## What you should do
As the answer, set down the lines below from the one containing "datatype 'f sym = Frm 'f | App 'f" through the one containing "(\<forall>i<length as. \<forall>j<length", exactly and inclusively, and no others.
START Supplied material
(* Let $\alpha,\beta,\beta'$ be blueprints, $\chi$ a formula, and $a_1,\dots,a_p,b_1,\dots,b_p$ addresses with $\{a_1,\dots,a_p\}=\{b_1,\dots,b_p\}$. If $\alpha\rhd^{a_1}_\chi\alpha_1\rhd^{a_2}_\chi\cdots\rhd^{a_p}_\chi\beta$ and $\alpha\rhd^{b_1}_\chi\alpha'_1\rhd^{b_2}_\chi\cdots\rhd^{b_p}_\chi\beta'$ for some intermediate blueprints, then $\beta=\beta'$.
   Context: Addresses are finite sequences of positive integers, ordered by the prefix order $\le$ ($a<b$: strict prefix), with concatenation $\cdot$ and empty address $\varepsilon$. A partial tree is a function whose domain is a set of addresses; for a partial tree $\pi$ and address $a$, $\pi|_a$ is the partial tree $c\mapsto\pi(a\cdot c)$ on $\{c: a\cdot c\in\mathrm{dom}(\pi)\}$. Let $\mathfrak S$ be the signature consisting of all formulas (arity 0) and, for each formula $\phi$, a binary symbol $@_\phi$. A blueprint is a finite partial tree $\alpha$ with values in $\mathfrak S$ such that whenever $\alpha(a)=@_\phi$, both $\alpha|_{a\cdot(1)}$ and $\alpha|_{a\cdot(2)}$ have non-empty domain. Notation: $\emptyset_{\mathbb B}$ is the empty blueprint; a formula $\phi$ also denotes the blueprint $\varepsilon\mapsto\phi$; for non-empty $\alpha_1,\alpha_2$, $@_\phi(\alpha_1,\alpha_2)$ is the blueprint $\alpha$ with $\alpha(\varepsilon)=@_\phi$, $\alpha|_{(1)}=\alpha_1$, $\alpha|_{(2)}=\alpha_2$; for a sequence $\bar a=(a_1,\dots,a_k)$ of pairwise incomparable addresses, $*_{\bar a}(\alpha_1,\dots,\alpha_k)$ is the blueprint of minimal domain whose restriction at each $a_i$ is $\alpha_i$; $*(\alpha_1,\dots,\alpha_k)=*_{((1),\dots,(k))}(\alpha_1,\dots,\alpha_k)$. Extraction $\alpha\rhd^a_\phi\beta$ is defined inductively: (1) $\phi\rhd^\varepsilon_\phi\emptyset_{\mathbb B}$; (2) if $\alpha\rhd^a_\phi\beta$ and $\gamma,\alpha$ are non-empty, then $@_\psi(\gamma,\alpha)\rhd^{(2)\cdot a}_\phi *(\gamma,\beta)$; (3) if $\alpha\rhd^a_\phi\beta$, $b\ne\varepsilon$ and $(b,c_1,\dots,c_k)$ are pairwise incomparable, then $*_{(b,c_1,\dots,c_k)}(\alpha,\gamma_1,\dots,\gamma_k)\rhd^{b\cdot a}_\phi *_{(b,c_1,\dots,c_k)}(\beta,\gamma_1,\dots,\gamma_k)$. *)

theory Defs
  imports Main "HOL-Library.Sublist"
begin

text \<open>Formulas are an arbitrary type 'f. The signature symbols: formulas (arity 0)
  and, for each formula phi, a binary symbol App phi (written @_phi in the paper).\<close>
datatype 'f sym = Frm 'f | App 'f

type_synonym addr = "nat list"
type_synonym 'f ptree = "addr \<Rightarrow> 'f sym option"

definition is_addr :: "addr \<Rightarrow> bool" where
  "is_addr a \<longleftrightarrow> (\<forall>x\<in>set a. 0 < x)"

definition restr :: "'f ptree \<Rightarrow> addr \<Rightarrow> 'f ptree" where
  "restr \<pi> a = (\<lambda>c. \<pi> (a @ c))"

definition blueprint :: "'f ptree \<Rightarrow> bool" where
  "blueprint \<alpha> \<longleftrightarrow> finite (dom \<alpha>) \<and> (\<forall>a\<in>dom \<alpha>. is_addr a) \<and>
     (\<forall>a \<phi>. \<alpha> a = Some (App \<phi>) \<longrightarrow>
        dom (restr \<alpha> (a @ [1])) \<noteq> {} \<and> dom (restr \<alpha> (a @ [2])) \<noteq> {})"

definition frm_bp :: "'f \<Rightarrow> 'f ptree" where
  "frm_bp \<phi> = [[] \<mapsto> Frm \<phi>]"

definition app_bp :: "'f \<Rightarrow> 'f ptree \<Rightarrow> 'f ptree \<Rightarrow> 'f ptree" where
  "app_bp \<psi> \<alpha>1 \<alpha>2 = (\<lambda>c. case c of [] \<Rightarrow> Some (App \<psi>)
       | x # d \<Rightarrow> (if x = 1 then \<alpha>1 d else if x = 2 then \<alpha>2 d else None))"

definition incomparable :: "addr list \<Rightarrow> bool" where
  "incomparable as \<longleftrightarrow>
     (\<forall>i<length as. \<forall>j<length as. i \<noteq> j \<longrightarrow> \<not> prefix (as ! i) (as ! j))"

text \<open>The partial tree of minimal domain whose restriction at each as!i is \<alpha>s!i
  (for pairwise incomparable addresses).\<close>
definition star_at :: "addr list \<Rightarrow> 'f ptree list \<Rightarrow> 'f ptree" where
  "star_at as \<alpha>s = (\<lambda>c. case filter (\<lambda>i. prefix (as ! i) c) [0..<length as] of
       [] \<Rightarrow> None
     | i # _ \<Rightarrow> (\<alpha>s ! i) (drop (length (as ! i)) c))"

definition star :: "'f ptree list \<Rightarrow> 'f ptree" where
  "star \<alpha>s = star_at (map (\<lambda>i. [Suc i]) [0..<length \<alpha>s]) \<alpha>s"

inductive extr :: "'f ptree \<Rightarrow> addr \<Rightarrow> 'f \<Rightarrow> 'f ptree \<Rightarrow> bool" where
  base: "extr (frm_bp \<phi>) [] \<phi> Map.empty"
| app: "\<lbrakk> extr \<alpha> a \<phi> \<beta>; blueprint \<gamma>; dom \<gamma> \<noteq> {}; dom \<alpha> \<noteq> {} \<rbrakk>
        \<Longrightarrow> extr (app_bp \<psi> \<gamma> \<alpha>) (2 # a) \<phi> (star [\<gamma>, \<beta>])"
| ctx: "\<lbrakk> extr \<alpha> a \<phi> \<beta>; b \<noteq> []; is_addr b; \<forall>c\<in>set cs. is_addr c;
          length \<gamma>s = length cs; \<forall>\<gamma>\<in>set \<gamma>s. blueprint \<gamma>;
          incomparable (b # cs) \<rbrakk>
        \<Longrightarrow> extr (star_at (b # cs) (\<alpha> # \<gamma>s)) (b @ a) \<phi> (star_at (b # cs) (\<beta> # \<gamma>s))"

inductive extr_chain :: "'f ptree \<Rightarrow> addr list \<Rightarrow> 'f \<Rightarrow> 'f ptree \<Rightarrow> bool" where
  nil: "extr_chain \<alpha> [] \<phi> \<alpha>"
| cons: "\<lbrakk> extr \<alpha> a \<phi> \<alpha>1; blueprint \<alpha>1; extr_chain \<alpha>1 as \<phi> \<beta> \<rbrakk>
         \<Longrightarrow> extr_chain \<alpha> (a # as) \<phi> \<beta>"

end

theory Submission
  imports Defs
begin

text \<open>An extraction at address a deletes exactly the nodes on the path from the root to a
  and leaves the rest of the blueprint untouched. Hence a chain of extractions at a_1, ..., a_p
  deletes the nodes lying on some path to an a_i, and its result depends only on the set
  of the a_i.\<close>

definition prune :: "'f ptree \<Rightarrow> addr set \<Rightarrow> 'f ptree" where
  "prune \<alpha> A = (\<lambda>c. if \<exists>a\<in>A. prefix c a then None else \<alpha> c)"

lemma prune_empty [simp]: "prune \<alpha> {} = \<alpha>"
  by (simp add: prune_def)

lemma prune_prune: "prune (prune \<alpha> A) B = prune \<alpha> (A \<union> B)"
  by (auto simp: prune_def fun_eq_iff)

lemma filter_upt_0_Suc:
  "filter P [0..<Suc n] = (if P 0 then 0 # filter P [1..<Suc n] else filter P [1..<Suc n])"
  by (subst upt_conv_Cons) auto

lemma star_at_Cons_prefix:
  assumes "prefix b c"
  shows "star_at (b # cs) (x # xs) c = x (drop (length b) c)"
  using assms by (simp add: star_at_def filter_upt_0_Suc del: upt_Suc)

lemma star_at_Cons_not_prefix:
  assumes "\<not> prefix b c"
  shows "star_at (b # cs) (x # xs) c = star_at (b # cs) (y # xs) c"
proof -
  let ?F = "filter (\<lambda>i. prefix ((b # cs) ! i) c) [1..<Suc (length cs)]"
  have F: "filter (\<lambda>i. prefix ((b # cs) ! i) c) [0..<Suc (length cs)] = ?F"
    using assms by (simp add: filter_upt_0_Suc del: upt_Suc)
  show ?thesis
  proof (cases ?F)
    case Nil
    then show ?thesis unfolding star_at_def length_Cons F by simp
  next
    case (Cons i l)
    then have "i \<in> set ?F" by simp
    then have "i \<ge> 1" by (simp del: upt_Suc)
    then have "(x # xs) ! i = (y # xs) ! i" by (simp add: nth_Cons')
    then show ?thesis unfolding star_at_def length_Cons F Cons by simp
  qed
qed

text \<open>Strictly above the first address no address of an incomparable family is a prefix,
  so star_at is undefined there.\<close>
lemma star_at_strictly_above_head:
  assumes "incomparable (b # cs)" "prefix c b" "\<not> prefix b c"
  shows "star_at (b # cs) xs c = None"
proof -
  have "\<not> prefix ((b # cs) ! i) c" if i: "i < length (b # cs)" for i
  proof
    assume p: "prefix ((b # cs) ! i) c"
    show False
    proof (cases "i = 0")
      case True
      then show ?thesis using p assms(3) by simp
    next
      case False
      have "prefix ((b # cs) ! i) ((b # cs) ! 0)"
        using p assms(2) by (auto intro: prefix_order.trans)
      then show ?thesis using assms(1) i False unfolding incomparable_def by blast
    qed
  qed
  then have "filter (\<lambda>i. prefix ((b # cs) ! i) c) [0..<length (b # cs)] = []"
    by (auto simp: filter_empty_conv simp del: upt_Suc length_Cons)
  then show ?thesis by (simp add: star_at_def)
qed

lemma extr_eq_prune: "extr \<alpha> a \<phi> \<beta> \<Longrightarrow> \<beta> = prune \<alpha> {a}"
proof (induction rule: extr.induct)
  case (base \<phi>)
  then show ?case by (auto simp: prune_def frm_bp_def fun_eq_iff)
next
  case (app \<alpha> a \<phi> \<beta> \<gamma> \<psi>)
  show ?case
  proof
    fix c
    show "star [\<gamma>, \<beta>] c = prune (app_bp \<psi> \<gamma> \<alpha>) {2 # a} c"
      using app.IH
      by (cases c) (auto simp: star_def star_at_def prune_def app_bp_def split: list.split)
  qed
next
  case (ctx \<alpha> a \<phi> \<beta> b cs \<gamma>s)
  show ?case
  proof
    fix c
    show "star_at (b # cs) (\<beta> # \<gamma>s) c = prune (star_at (b # cs) (\<alpha> # \<gamma>s)) {b @ a} c"
    proof (cases "prefix b c")
      case True
      then obtain d where "c = b @ d" by (auto simp: prefix_def)
      then show ?thesis using True ctx.IH by (simp add: star_at_Cons_prefix prune_def)
    next
      case not_below: False
      show ?thesis
      proof (cases "prefix c (b @ a)")
        case True
        with not_below have "prefix c b" by (auto simp: prefix_append)
        then show ?thesis
          using not_below True star_at_strictly_above_head[OF ctx.hyps(7)]
          by (simp add: prune_def)
      next
        case False
        then show ?thesis
          using star_at_Cons_not_prefix[OF not_below] by (simp add: prune_def)
      qed
    qed
  qed
qed

lemma extr_chain_eq_prune: "extr_chain \<alpha> as \<phi> \<beta> \<Longrightarrow> \<beta> = prune \<alpha> (set as)"
proof (induction rule: extr_chain.induct)
  case (cons \<alpha> a \<phi> \<alpha>1 as \<beta>)
  then show ?case using extr_eq_prune[OF cons.hyps(1)] by (simp add: prune_prune)
qed simp

theorem lemma2p14:
  fixes \<alpha> \<beta> \<beta>' :: "'f ptree" and \<chi> :: 'f and as bs :: "addr list"
  assumes "blueprint \<alpha>" and "blueprint \<beta>" and "blueprint \<beta>'"
    and "\<forall>a\<in>set as. is_addr a" and "\<forall>b\<in>set bs. is_addr b"
    and "length as = length bs" and "set as = set bs"
    and "extr_chain \<alpha> as \<chi> \<beta>" and "extr_chain \<alpha> bs \<chi> \<beta>'"
  shows "\<beta> = \<beta>'"
  using extr_chain_eq_prune[OF assms(8)] extr_chain_eq_prune[OF assms(9)] assms(7) by simp

end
END Supplied material
## Reply
datatype 'f sym = Frm 'f | App 'f

type_synonym addr = "nat list"
type_synonym 'f ptree = "addr \<Rightarrow> 'f sym option"

definition is_addr :: "addr \<Rightarrow> bool" where
  "is_addr a \<longleftrightarrow> (\<forall>x\<in>set a. 0 < x)"

definition restr :: "'f ptree \<Rightarrow> addr \<Rightarrow> 'f ptree" where
  "restr \<pi> a = (\<lambda>c. \<pi> (a @ c))"

definition blueprint :: "'f ptree \<Rightarrow> bool" where
  "blueprint \<alpha> \<longleftrightarrow> finite (dom \<alpha>) \<and> (\<forall>a\<in>dom \<alpha>. is_addr a) \<and>
     (\<forall>a \<phi>. \<alpha> a = Some (App \<phi>) \<longrightarrow>
        dom (restr \<alpha> (a @ [1])) \<noteq> {} \<and> dom (restr \<alpha> (a @ [2])) \<noteq> {})"

definition frm_bp :: "'f \<Rightarrow> 'f ptree" where
  "frm_bp \<phi> = [[] \<mapsto> Frm \<phi>]"

definition app_bp :: "'f \<Rightarrow> 'f ptree \<Rightarrow> 'f ptree \<Rightarrow> 'f ptree" where
  "app_bp \<psi> \<alpha>1 \<alpha>2 = (\<lambda>c. case c of [] \<Rightarrow> Some (App \<psi>)
       | x # d \<Rightarrow> (if x = 1 then \<alpha>1 d else if x = 2 then \<alpha>2 d else None))"

definition incomparable :: "addr list \<Rightarrow> bool" where
  "incomparable as \<longleftrightarrow>
     (\<forall>i<length as. \<forall>j<length as. i \<noteq> j \<longrightarrow> \<not> prefix (as ! i) (as ! j))"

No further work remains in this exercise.